Mi madre llevó el cuadro a su casa y poco después su amigo perdió la memoria por
completo. Ella seguía visitándolo a la clínica casi todos los días. Le bordaba los
pañuelos y pijamas con su nombre para que no se extraviaran, lo peinaba, le
conversaba sobre sus crecientes temores, sus abismos emocionales, y sobre su
soledad cuando él no estuviera. Juntos iban al pequeño refectorio para rezar
fragmentos de oraciones y credos sin principio ni fin. Él se ponía de pie y con
movimientos lentos se acercaba al altar y acariciaba al ángel de mármol con la ingenua
expresión de asombro de un niño sin pecado venial, y entonces ella se levantaba y lo
tomaba del brazo antes que apagara la llama de las velas con sus dedos temblorosos.

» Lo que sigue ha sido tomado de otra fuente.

(* Let $g$, $\mathbf{g}=g^{\oplus n}$ be as in the context, and let $\mathbf{A},\mathbf{B},\mathbf{C},\mathbf{D}$ be linear operators on $\mathbf{g}$ with components $A_{ij},B_{ij},C_{ij},D_{ij}$ such that $A_{ij}^*=-A_{ji}$, $D_{ij}^*=-D_{ji}$, $B_{ij}^*=C_{ji}$ and such that PB$(\mathbf{A},\mathbf{B},\mathbf{C},\mathbf{D})$ is a Poisson bracket on $\mathbf{g}$. Suppose that (i) $A_{i+1,j+1}-D_{i,j}+B_{i+1,j}-C_{i,j+1}=0$ for $1\le i,j\le n-1$; (ii) $A_{1,j+1}+B_{1,j}=0$ (equivalently $A_{j+1,1}-C_{j,1}=0$) for $1\le j\le n-1$; (iii) $D_{n,j}+C_{n,j+1}=0$ (equivalently $D_{j,n}-B_{j+1,n}=0$) for $1\le j\le n-1$. Define $\mathcal{M}:\mathbf{g}\to g$ by $\mathcal{M}(u_1,\dots,u_n)=u_n\cdot u_{n-1}\cdots u_1$. Then $\mathcal{M}$ is a Poisson map when $g$ is equipped with the bracket PB$(A_{11},B_{1n},C_{n1},D_{nn})$; that is, for all smooth functions $\varphi,\psi$ on $g$, $\{\varphi\circ\mathcal{M},\psi\circ\mathcal{M}\}_{\mathbf{g}}=\{\varphi,\psi\}_{g}\circ\mathcal{M}$, where $\{\cdot,\cdot\}_{\mathbf{g}}$ is PB$(\mathbf{A},\mathbf{B},\mathbf{C},\mathbf{D})$ and $\{\cdot,\cdot\}_g$ is PB$(A_{11},B_{1n},C_{n1},D_{nn})$.
   Context: $g$ is an associative algebra with a nondegenerate symmetric bilinear form $\langle\cdot,\cdot\rangle$ with $\langle uv,w\rangle=\langle u,vw\rangle$; $X^*$ denotes the adjoint of a linear operator $X$ on $g$. For smooth $\varphi$ on $g$, $\nabla\varphi(u)\in g$ is defined by $\langle\nabla\varphi(u),X\rangle=\frac{d}{d\varepsilon}\varphi(u+\varepsilon X)|_{\varepsilon=0}$ for all $X$, and $d\varphi(u)=u\cdot\nabla\varphi(u)$, $d'\varphi(u)=\nabla\varphi(u)\cdot u$. For linear operators $A,B,C,D$ on $g$, PB$(A,B,C,D)$ is the bracket $\{\varphi,\psi\}(u)=\langle A(d'\varphi),d'\psi\rangle-\langle D(d\varphi),d\psi\rangle+\langle B(d\varphi),d'\psi\rangle-\langle C(d'\varphi),d\psi\rangle$. $\mathbf{g}=g\oplus\cdots\oplus g$ ($n$ copies) has componentwise multiplication and form $\langle\langle\mathbf{u},\mathbf{v}\rangle\rangle=\sum_k\langle u_k,v_k\rangle$. A linear operator $\mathbf{A}$ on $\mathbf{g}$ has components $A_{ij}$ defined by $(\mathbf{A}(\mathbf{u}))_i=\sum_j A_{ij}(u_j)$ (similarly for $\mathbf{B},\mathbf{C},\mathbf{D}$). For smooth $\Phi$ on $\mathbf{g}$, $\nabla_j\Phi$ is the $j$-th component of its gradient with respect to $\langle\langle\cdot,\cdot\rangle\rangle$, $d_j\Phi=u_j\nabla_j\Phi$, $d'_j\Phi=\nabla_j\Phi\, u_j$, and PB$(\mathbf{A},\mathbf{B},\mathbf{C},\mathbf{D})$ is $\{\Phi,\Psi\}(\mathbf{u})=\sum_{i,j}\big(\langle A_{ij}(d'_j\Phi),d'_i\Psi\rangle-\langle D_{ij}(d_j\Phi),d_i\Psi\rangle+\langle B_{ij}(d_j\Phi),d'_i\Psi\rangle-\langle C_{ij}(d'_j\Phi),d_i\Psi\rangle\big)$. *)

theory Defs
  imports "HOL-Analysis.Analysis"
begin

fun Ck :: "nat \<Rightarrow> ('v::euclidean_space \<Rightarrow> 'w::euclidean_space) \<Rightarrow> bool" where
  "Ck 0 f = continuous_on UNIV f"
| "Ck (Suc k) f = ((\<forall>x. f differentiable (at x)) \<and>
      (\<forall>b\<in>Basis. Ck k (\<lambda>x. frechet_derivative f (at x) b)))"

definition smooth :: "('v::euclidean_space \<Rightarrow> 'w::euclidean_space) \<Rightarrow> bool" where
  "smooth f \<longleftrightarrow> (\<forall>k. Ck k f)"

definition assoc_algebra_with_form ::
  "('a::real_vector \<Rightarrow> 'a \<Rightarrow> 'a) \<Rightarrow> ('a \<Rightarrow> 'a \<Rightarrow> real) \<Rightarrow> bool" where
  "assoc_algebra_with_form mul F \<longleftrightarrow>
     bilinear mul \<and> (\<forall>x y z. mul (mul x y) z = mul x (mul y z)) \<and>
     bilinear F \<and> (\<forall>u v. F u v = F v u) \<and>
     (\<forall>u. (\<forall>v. F u v = 0) \<longrightarrow> u = 0) \<and>
     (\<forall>u v w. F (mul u v) w = F u (mul v w))"

definition adj :: "('a \<Rightarrow> 'a \<Rightarrow> real) \<Rightarrow> ('a \<Rightarrow> 'a) \<Rightarrow> ('a \<Rightarrow> 'a)" where
  "adj F X = (THE Y. \<forall>u v. F (X u) v = F u (Y v))"

definition grad :: "('v \<Rightarrow> 'v \<Rightarrow> real) \<Rightarrow> ('v::real_normed_vector \<Rightarrow> real) \<Rightarrow> 'v \<Rightarrow> 'v" where
  "grad F \<phi> u = (THE w. \<forall>X. F w X = frechet_derivative \<phi> (at u) X)"

definition dL :: "('a \<Rightarrow> 'a \<Rightarrow> 'a) \<Rightarrow> ('a \<Rightarrow> 'a \<Rightarrow> real) \<Rightarrow> ('a::real_normed_vector \<Rightarrow> real) \<Rightarrow> 'a \<Rightarrow> 'a" where
  "dL mul F \<phi> u = mul u (grad F \<phi> u)"

definition dR :: "('a \<Rightarrow> 'a \<Rightarrow> 'a) \<Rightarrow> ('a \<Rightarrow> 'a \<Rightarrow> real) \<Rightarrow> ('a::real_normed_vector \<Rightarrow> real) \<Rightarrow> 'a \<Rightarrow> 'a" where
  "dR mul F \<phi> u = mul (grad F \<phi> u) u"

definition PB :: "('a \<Rightarrow> 'a \<Rightarrow> 'a) \<Rightarrow> ('a \<Rightarrow> 'a \<Rightarrow> real) \<Rightarrow>
   ('a \<Rightarrow> 'a) \<Rightarrow> ('a \<Rightarrow> 'a) \<Rightarrow> ('a \<Rightarrow> 'a) \<Rightarrow> ('a \<Rightarrow> 'a) \<Rightarrow>
   ('a::real_normed_vector \<Rightarrow> real) \<Rightarrow> ('a \<Rightarrow> real) \<Rightarrow> 'a \<Rightarrow> real" where
  "PB mul F A B C D \<phi> \<psi> u =
     F (A (dR mul F \<phi> u)) (dR mul F \<psi> u) - F (D (dL mul F \<phi> u)) (dL mul F \<psi> u)
   + F (B (dL mul F \<phi> u)) (dR mul F \<psi> u) - F (C (dR mul F \<phi> u)) (dL mul F \<psi> u)"

definition formN :: "('a \<Rightarrow> 'a \<Rightarrow> real) \<Rightarrow> 'a^'n::finite \<Rightarrow> 'a^'n \<Rightarrow> real" where
  "formN F u v = (\<Sum>k\<in>UNIV. F (u $ k) (v $ k))"

definition inj_comp :: "'n::finite \<Rightarrow> 'a::zero \<Rightarrow> 'a^'n" where
  "inj_comp j x = (\<chi> k. if k = j then x else 0)"

text \<open>Components A_ij of an operator on g^n: (A u)_i = sum_j A_ij (u_j).\<close>
definition comp :: "('a^'n \<Rightarrow> 'a^'n) \<Rightarrow> 'n::finite \<Rightarrow> 'n \<Rightarrow> 'a::zero \<Rightarrow> 'a" where
  "comp A i j x = A (inj_comp j x) $ i"

definition gradN :: "('a \<Rightarrow> 'a \<Rightarrow> real) \<Rightarrow> ('a::euclidean_space^'n::finite \<Rightarrow> real) \<Rightarrow> 'a^'n \<Rightarrow> 'n \<Rightarrow> 'a" where
  "gradN F \<Phi> u j = grad (formN F) \<Phi> u $ j"

definition dLN :: "('a \<Rightarrow> 'a \<Rightarrow> 'a) \<Rightarrow> ('a \<Rightarrow> 'a \<Rightarrow> real) \<Rightarrow> ('a::euclidean_space^'n::finite \<Rightarrow> real) \<Rightarrow> 'a^'n \<Rightarrow> 'n \<Rightarrow> 'a" where
  "dLN mul F \<Phi> u j = mul (u $ j) (gradN F \<Phi> u j)"

definition dRN :: "('a \<Rightarrow> 'a \<Rightarrow> 'a) \<Rightarrow> ('a \<Rightarrow> 'a \<Rightarrow> real) \<Rightarrow> ('a::euclidean_space^'n::finite \<Rightarrow> real) \<Rightarrow> 'a^'n \<Rightarrow> 'n \<Rightarrow> 'a" where
  "dRN mul F \<Phi> u j = mul (gradN F \<Phi> u j) (u $ j)"

definition PBN :: "('a \<Rightarrow> 'a \<Rightarrow> 'a) \<Rightarrow> ('a \<Rightarrow> 'a \<Rightarrow> real) \<Rightarrow>
   ('a^'n \<Rightarrow> 'a^'n) \<Rightarrow> ('a^'n \<Rightarrow> 'a^'n) \<Rightarrow> ('a^'n \<Rightarrow> 'a^'n) \<Rightarrow> ('a^'n \<Rightarrow> 'a^'n) \<Rightarrow>
   ('a::euclidean_space^'n::finite \<Rightarrow> real) \<Rightarrow> ('a^'n \<Rightarrow> real) \<Rightarrow> 'a^'n \<Rightarrow> real" where
  "PBN mul F A B C D \<Phi> \<Psi> u =
     (\<Sum>i\<in>UNIV. \<Sum>j\<in>UNIV.
         F (comp A i j (dRN mul F \<Phi> u j)) (dRN mul F \<Psi> u i)
       - F (comp D i j (dLN mul F \<Phi> u j)) (dLN mul F \<Psi> u i)
       + F (comp B i j (dLN mul F \<Phi> u j)) (dRN mul F \<Psi> u i)
       - F (comp C i j (dRN mul F \<Phi> u j)) (dLN mul F \<Psi> u i))"

definition poisson_bracket :: "(('v::euclidean_space \<Rightarrow> real) \<Rightarrow> ('v \<Rightarrow> real) \<Rightarrow> 'v \<Rightarrow> real) \<Rightarrow> bool" where
  "poisson_bracket P \<longleftrightarrow>
     (\<forall>\<phi> \<psi> \<theta>. smooth \<phi> \<and> smooth \<psi> \<and> smooth \<theta> \<longrightarrow>
        smooth (P \<phi> \<psi>) \<and>
        (\<forall>a b. P (\<lambda>u. a * \<phi> u + b * \<psi> u) \<theta> = (\<lambda>u. a * P \<phi> \<theta> u + b * P \<psi> \<theta> u)) \<and>
        P \<phi> \<psi> = (\<lambda>u. - P \<psi> \<phi> u) \<and>
        P (\<lambda>u. \<phi> u * \<psi> u) \<theta> = (\<lambda>u. \<phi> u * P \<psi> \<theta> u + \<psi> u * P \<phi> \<theta> u) \<and>
        (\<lambda>u. P \<phi> (P \<psi> \<theta>) u + P \<psi> (P \<theta> \<phi>) u + P \<theta> (P \<phi> \<psi>) u) = (\<lambda>u. 0))"

fun rprod :: "('a \<Rightarrow> 'a \<Rightarrow> 'a) \<Rightarrow> (nat \<Rightarrow> 'a) \<Rightarrow> nat \<Rightarrow> 'a" where
  "rprod mul f 0 = undefined"
| "rprod mul f (Suc 0) = f 1"
| "rprod mul f (Suc (Suc k)) = mul (f (Suc (Suc k))) (rprod mul f (Suc k))"

end

theory Submission
  imports Defs
begin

Lo sacaba de paseo por el jardín para contemplar las flores y tomar con regocijo el sol;
le hablaba de las últimas nuevas de la guerra, de lo feliz que la había hecho sentir en el
ocaso de su vida, y de otras intrascendencias más. Pero eso ya era historia. Como
habían hecho con el pequeño cuadro, en ocasiones se contemplaban largamente casi
sin pestañear bajo el cielo gris, deteniéndose en sus facciones, sus manos, sus gestos,
sus nuevas arrugas, sus ojos cristalinos; con la esperanza tardía de grabar cada detalle
en su malograda memoria para de alguna manera contrarrestar el olvido, porque
sabían que ya no les quedaba mucho tiempo para el recuerdo. A esas alturas él ya no
la reconocía y quizá tampoco la escuchaba. Su pensamiento estaba absorto en quien
sabe qué deslindadas ideas y su mirada extraviada, vacía, o detenida en el tiempo,
tampoco reflejaba los menesteres de este mundo.
Pronto ella también comenzó a sentir el rigor de la enfermedad. Empezó por olvidar los
pastelillos que tiernamente preparaba para su amigo, luego, a quién había ido a
visitar y cosas así. A veces llegaba a la clínica por inercia, traicionada tal vez por los
deslices de la memoria, o los sórdidos atajos de la costumbre; los enfermeros la
llevaban hasta su cuarto y la sentaban frente a él hasta que sin modular palabra,
terminada la hora de las visitas, era acompañada otra vez hasta la puerta. En
ocasiones irrumpía radiante con su canastilla de galletas recién horneadas y las
compartía risueña con quienes hallaba a su paso. Un día vio en la recepción del
hospital el catálogo de una retrospectiva de grandes pintores del arte moderno, con su
cuadro a todo color en la portada. Ella lo reconoció de inmediato, era su pequeño
Chagall, lo tomó y lo mostró orgullosa a todo el que encontró a su paso:
—Es mi cuadro, este cuadro es mío, es mío, él me lo regaló—, decía con alborozo y lo
abrazaba y bailaba y reía y agradecía al cielo su fortuna y otra vez reía…
—Ya la perdimos del todo—, dijeron enfermeros y doctores cuando la oyeron, —ahora
sí está loca de remate—. Y no la dejaron salir más.
Dic. 31 2013. Espacio aéreo sobre el mar caribe.
Agradecimiento especial a una cálida azafata de Lufthansa, que me trajo una copa de
vino tinto y me dio con qué escribir, pero no me dijo su nombre.